Reuters skontaktował się z ponad 300 pracownikami Tesli, którzy pracowali dla firmy w ciągu ostatnich dziewięciu lat i byli zaangażowani w rozwój systemu autonomicznej jazdy. Kilkunastu zgodziło się odpowiedzieć na pytania, każdy z nich postawił warunek zachowania anonimowości.
Z rozmów przeprowadzonych przez dziennikarzy agencji wynika, że zapewnienia Tesli wobec kierowców, że "ich prywatność jest i zawsze będzie niezwykle ważna", a kamery są "zaprojektowane od podstaw, aby chronić prywatność", mogą być niezgodne z rzeczywistością.
Nagrania z wypadków
Według Reutersa pomiędzy 2019 a 2022 rokiem pracownicy Tesli udostępniali sobie nawzajem, za pomocą wewnętrznego systemu, wiadomości z filmami i zdjęciami nagranymi przez kamery z samochodów klientów. Niektóre z nich były kłopotliwe dla klientów.

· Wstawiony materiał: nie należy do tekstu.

(* Let $P,Q\in\mathbb{C}[X]$ be nonlinear with $n=\deg P\ge m=\deg Q$, both satisfying Hypothesis I, and let $C\subset\mathbb{P}^2(\mathbb{C})$ be the curve $F=0$, $F(z_0,z_1,z_2)=z_2^n\big(P(z_0/z_2)-Q(z_1/z_2)\big)$. With the notation of the context, for $1\le i\le l_0$ let $\mathfrak p_i=(\alpha_i:\beta_{\tau(i)}:1)\in C$, and let orders be computed along an arbitrary nonconstant local holomorphic parameterization of $C$ at the relevant point. Then: (i) if $1\le i\ne j\le l_0$ and $L_{i,j}$ is not identically zero on any component of $C$, then $\operatorname{ord}_{\mathfrak p_i}L_{i,j}\ge\min\{\operatorname{ord}_{\mathfrak p_i}(z_0-\alpha_iz_2),\operatorname{ord}_{\mathfrak p_i}(z_1-\beta_{\tau(i)}z_2)\}$ and $\operatorname{ord}_{\mathfrak p_j}L_{i,j}\ge\min\{\operatorname{ord}_{\mathfrak p_j}(z_0-\alpha_jz_2),\operatorname{ord}_{\mathfrak p_j}(z_1-\beta_{\tau(j)}z_2)\}$; (ii) $(p_i+1)\operatorname{ord}_{\mathfrak p_i}(z_0-\alpha_iz_2)=(q_{\tau(i)}+1)\operatorname{ord}_{\mathfrak p_i}(z_1-\beta_{\tau(i)}z_2)$; (iii) $\operatorname{ord}_{\mathfrak p_i}W(z_1,z_2)\ge\operatorname{ord}_{\mathfrak p_i}(z_1-\beta_{\tau(i)}z_2)-1$.
   Context: Write $P'(X)=na_n\prod_{i=1}^l(X-\alpha_i)^{p_i}$, $Q'(X)=mb_m\prod_{j=1}^h(X-\beta_j)^{q_j}$ with distinct $\alpha_i$, distinct $\beta_j$. Hypothesis I for $P$: $P(\alpha_i)\ne P(\alpha_j)$ for $i\ne j$; similarly for $Q$. Let $A_0=\{(i,j):P(\alpha_i)=Q(\beta_j)\}$, $l_0=\#A_0$. Under Hypothesis I each $i$ has at most one partner $j$, and the roots are labelled so that $A_0=\{(1,\tau(1)),\dots,(l_0,\tau(l_0))\}$ with $\tau$ injective. For $1\le i\ne j\le l_0$, $L_{i,j}=(z_1-\beta_{\tau(j)}z_2)-\frac{\beta_{\tau(i)}-\beta_{\tau(j)}}{\alpha_i-\alpha_j}(z_0-\alpha_jz_2)$ is the linear form of the line through $(\alpha_i:\beta_{\tau(i)}:1)$ and $(\alpha_j:\beta_{\tau(j)}:1)$. $W(z_1,z_2)=z_1dz_2-z_2dz_1$. For a point $\mathfrak p=(a:b:1)\in C$ and a nonconstant local holomorphic parameterization $\varphi(t)=(x(t):y(t):1)$ of $C$ with $\varphi(0)=\mathfrak p$, $\operatorname{ord}_{\mathfrak p}G$ of a homogeneous polynomial $G$ means $\operatorname{ord}_{t=0}G(x(t),y(t),1)$, and the order of a $1$-form $g(t)\,dt$ is $\operatorname{ord}_{t=0}g$ (so $W(z_1,z_2)$ pulls back to $-y'(t)\,dt$). *)

theory Defs
  imports "HOL-Complex_Analysis.Complex_Analysis" "HOL-Computational_Algebra.Polynomial"
    "HOL-Library.Extended_Nat"
begin

definition hypI :: "complex poly \<Rightarrow> bool" where
  "hypI P \<longleftrightarrow> (\<forall>a b. poly (pderiv P) a = 0 \<and> poly (pderiv P) b = 0 \<and> a \<noteq> b
                    \<longrightarrow> poly P a \<noteq> poly P b)"

definition ord0 :: "(complex \<Rightarrow> complex) \<Rightarrow> enat" where
  "ord0 g = (if (\<forall>\<^sub>F t in nhds 0. g t = 0) then \<infinity> else enat (nat (zorder g 0)))"

text \<open>phi(t) = (x t : y t : 1) is a nonconstant local holomorphic parameterization of the
  curve P(z0/z2) = Q(z1/z2) (affine part z2 = 1) with phi(0) = (a : b : 1).\<close>
definition local_param ::
  "complex poly \<Rightarrow> complex poly \<Rightarrow> (complex \<Rightarrow> complex) \<Rightarrow> (complex \<Rightarrow> complex) \<Rightarrow> complex \<Rightarrow> complex \<Rightarrow> bool" where
  "local_param P Q x y a b \<longleftrightarrow>
     (\<exists>r>0. x holomorphic_on ball 0 r \<and> y holomorphic_on ball 0 r \<and>
            (\<forall>t\<in>ball 0 r. poly P (x t) = poly Q (y t))) \<and>
     x 0 = a \<and> y 0 = b \<and> \<not> (\<forall>\<^sub>F t in nhds 0. x t = a \<and> y t = b)"

text \<open>The linear form L_{i,j} (dehomogenized at z2 = 1), for p_i = (a:b:1), p_j = (a':b':1).\<close>
definition Lline :: "complex \<Rightarrow> complex \<Rightarrow> complex \<Rightarrow> complex \<Rightarrow> complex \<Rightarrow> complex \<Rightarrow> complex" where
  "Lline a b a' b' u v = (v - b') - (b - b') / (a - a') * (u - a')"

end

theory Submission
  imports Defs
begin

text \<open>
  Everything is read off power series at \<open>t = 0\<close>: \<open>ord0\<close> is the subdegree of the
  expansion. Part (i) holds because \<open>L\<^sub>i\<^sub>,\<^sub>j\<close> is a linear combination of
  \<open>z\<^sub>1 - \<beta>\<^sub>\<tau>\<^sub>(\<^sub>i\<^sub>) z\<^sub>2\<close> and \<open>z\<^sub>0 - \<alpha>\<^sub>i z\<^sub>2\<close>, and (iii) because
  differentiation lowers the subdegree by at most one. For (ii), \<open>\<alpha>\<close> is a root of
  multiplicity \<open>p + 1\<close> of \<open>P - P(\<alpha>)\<close>, so \<open>P(x(t)) - P(\<alpha>)\<close> vanishes to order
  \<open>(p + 1) ord (x - \<alpha>)\<close>; likewise for \<open>Q\<close>, and the two functions agree on the curve.
\<close>

lemma ord0_has_fps_expansion:
  assumes "f has_fps_expansion F"
  shows "ord0 f = (if F = 0 then \<infinity> else enat (subdegree F))"
proof -
  have "(\<forall>\<^sub>F t in nhds 0. f t = 0) \<longleftrightarrow> F = 0"
    using assms fps_expansion_unique_complex has_fps_expansion_0_iff by metis
  then show ?thesis
    using has_fps_expansion_zorder_0[OF assms] by (simp add: ord0_def)
qed

lemma ord0_cong:
  assumes "\<forall>\<^sub>F t in nhds 0. f t = g t"
  shows "ord0 f = ord0 g"
proof -
  have "(\<forall>\<^sub>F t in nhds 0. f t = 0) \<longleftrightarrow> (\<forall>\<^sub>F t in nhds 0. g t = 0)"
    using assms by (auto elim: eventually_elim2)
  moreover have "zorder f 0 = zorder g 0"
    using assms by (intro zorder_cong) (auto simp: eventually_nhds_conv_at)
  ultimately show ?thesis by (simp add: ord0_def)
qed

lemma ord0_diff_mult_ge_min:
  assumes "f analytic_on {0}" "g analytic_on {0}"
  shows "ord0 (\<lambda>t. f t - c * g t) \<ge> min (ord0 f) (ord0 g)"
proof -
  define F G where "F = fps_expansion f 0" and "G = fps_expansion g 0"
  have hF: "f has_fps_expansion F" and hG: "g has_fps_expansion G"
    using assms analytic_at_imp_has_fps_expansion_0 by (auto simp: F_def G_def)
  define H where "H = F - fps_const c * G"
  have hH: "(\<lambda>t. f t - c * g t) has_fps_expansion H"
    unfolding H_def by (intro fps_expansion_intros hF hG)
  show ?thesis
  proof (cases "H = 0")
    case True
    then show ?thesis using ord0_has_fps_expansion[OF hH] by simp
  next
    case False
    have "\<not> (enat (subdegree H) < ord0 f \<and> enat (subdegree H) < ord0 g)"
    proof
      assume "enat (subdegree H) < ord0 f \<and> enat (subdegree H) < ord0 g"
      then have "F $ subdegree H = 0" "G $ subdegree H = 0"
        using ord0_has_fps_expansion[OF hF] ord0_has_fps_expansion[OF hG]
        by (auto split: if_splits)
      then have "H $ subdegree H = 0" by (simp add: H_def)
      with False show False by simp
    qed
    then show ?thesis
      using ord0_has_fps_expansion[OF hH] False by (auto simp: not_less min_le_iff_disj)
  qed
qed

lemma ord0_power_mult:
  assumes "f analytic_on {0}" "h analytic_on {0}" "h 0 \<noteq> 0"
  shows "ord0 (\<lambda>t. f t ^ k * h t) = of_nat k * ord0 f"
proof -
  define F H where "F = fps_expansion f 0" and "H = fps_expansion h 0"
  have hF: "f has_fps_expansion F" and hH: "h has_fps_expansion H"
    using assms analytic_at_imp_has_fps_expansion_0 by (auto simp: F_def H_def)
  have H0: "H $ 0 \<noteq> 0"
    using fps_nth_fps_expansion[OF hH, of 0] assms(3) by simp
  then have "H \<noteq> 0" by auto
  have hP: "(\<lambda>t. f t ^ k * h t) has_fps_expansion F ^ k * H"
    by (intro fps_expansion_intros hF hH)
  show ?thesis
  proof (cases "F = 0")
    case True
    then show ?thesis
      using ord0_has_fps_expansion[OF hP] ord0_has_fps_expansion[OF hF] \<open>H \<noteq> 0\<close> H0
      by (cases k) (simp_all add: of_nat_eq_enat zero_enat_def)
  next
    case False
    then have "subdegree (F ^ k * H) = k * subdegree F"
      using H0 \<open>H \<noteq> 0\<close> by simp
    then show ?thesis
      using ord0_has_fps_expansion[OF hP] ord0_has_fps_expansion[OF hF] False \<open>H \<noteq> 0\<close>
      by (simp add: of_nat_eq_enat)
  qed
qed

Jeden z byłych pracowników opisał film, na którym było widać mężczyznę podchodzącego do samochodu całkowicie nago.
Reuters informuje, że pracownicy mieli udostępniać sobie także przeróżne zdarzenia drogowe, jak wypadki. Według jednego z byłych pracowników udostępniali sobie film, na którym nagrano, jak Tesla jadąca z dużą prędkością w terenie zabudowanym uderza w dziecko jadące na rowerze. Widać było na nim, jak dziecko leci w jedną, a jego rowerek w drugą stronę. Pracownicy Tesli w kalifornijskim biurze przesyłali go sobie niczym mem o kotkach.
Chociaż Tesla zapewnia klientów, że "nagrania z kamer pozostają anonimowe i nie są powiązane z Tobą ani Twoim pojazdem", to siedmiu byłych pracowników firmy powiedziało agencji Reutera, że program, którego używali, pozwalał na zapoznanie się z lokalizacją nagrań, co w konsekwencji mogło doprowadzić do ujawnienia, gdzie mieszkał właściciel Tesli.
- Mogliśmy zajrzeć do garaży ludzi i ich prywatnych posiadłości — powiedział inny były pracownik. - Powiedzmy, że klient Tesli miał w garażu coś, co było charakterystyczne. Ludzie publikowaliby tego rodzaju rzeczy - dodał.
Tesla i Musk nie odpowiadają na pytania
Reuters, przygotowując raport na temat prywatności materiałów wideo, zwrócił się z pytaniami zarówno do Tesli, jak i do Elona Muska. Jednak ani szef, ani firma, nie udzieliły żadnych odpowiedzi.
Agencja zaznacza, że nie była w stanie pozyskać żadnego ze zdjęć czy filmów. Byli pracownicy twierdzili, że ich nie zachowali.
Jednocześnie nie udało się też ustalić, czy praktyka ta trwa do dziś, ani jak bardzo jest powszechna. Co więcej niektórzy byli pracownicy, z którymi się skontaktowano, powiedzieli, że jedyne udostępnianie, które zaobserwowali, dotyczyło uzasadnionych celów służbowych, takich jak szukanie pomocy u kolegów lub przełożonych.
"Każdy normalny człowiek byłby tym przerażony"
David Choffnes, dyrektor wykonawczy Instytutu Cyberbezpieczeństwa i Prywatności na Northeastern University w Bostonie, nazwał udostępnianie wrażliwych filmów i zdjęć przez pracowników Tesli "moralnie nagannym".
- Każdy normalny człowiek byłby tym przerażony – powiedział Choffnes i zauważył przy tym, że rozpowszechnianie wrażliwych i osobistych treści może być interpretowane jako naruszenie własnej polityki prywatności Tesli – potencjalnie skutkujące interwencją Federalnej Komisji Handlu USA (FTC), która egzekwuje przepisy federalne dotyczące prywatności konsumentów.
Rzecznik FTC w rozmowie z Reutersem powiedział, że nie komentuje poszczególnych firm ani ich postępowania.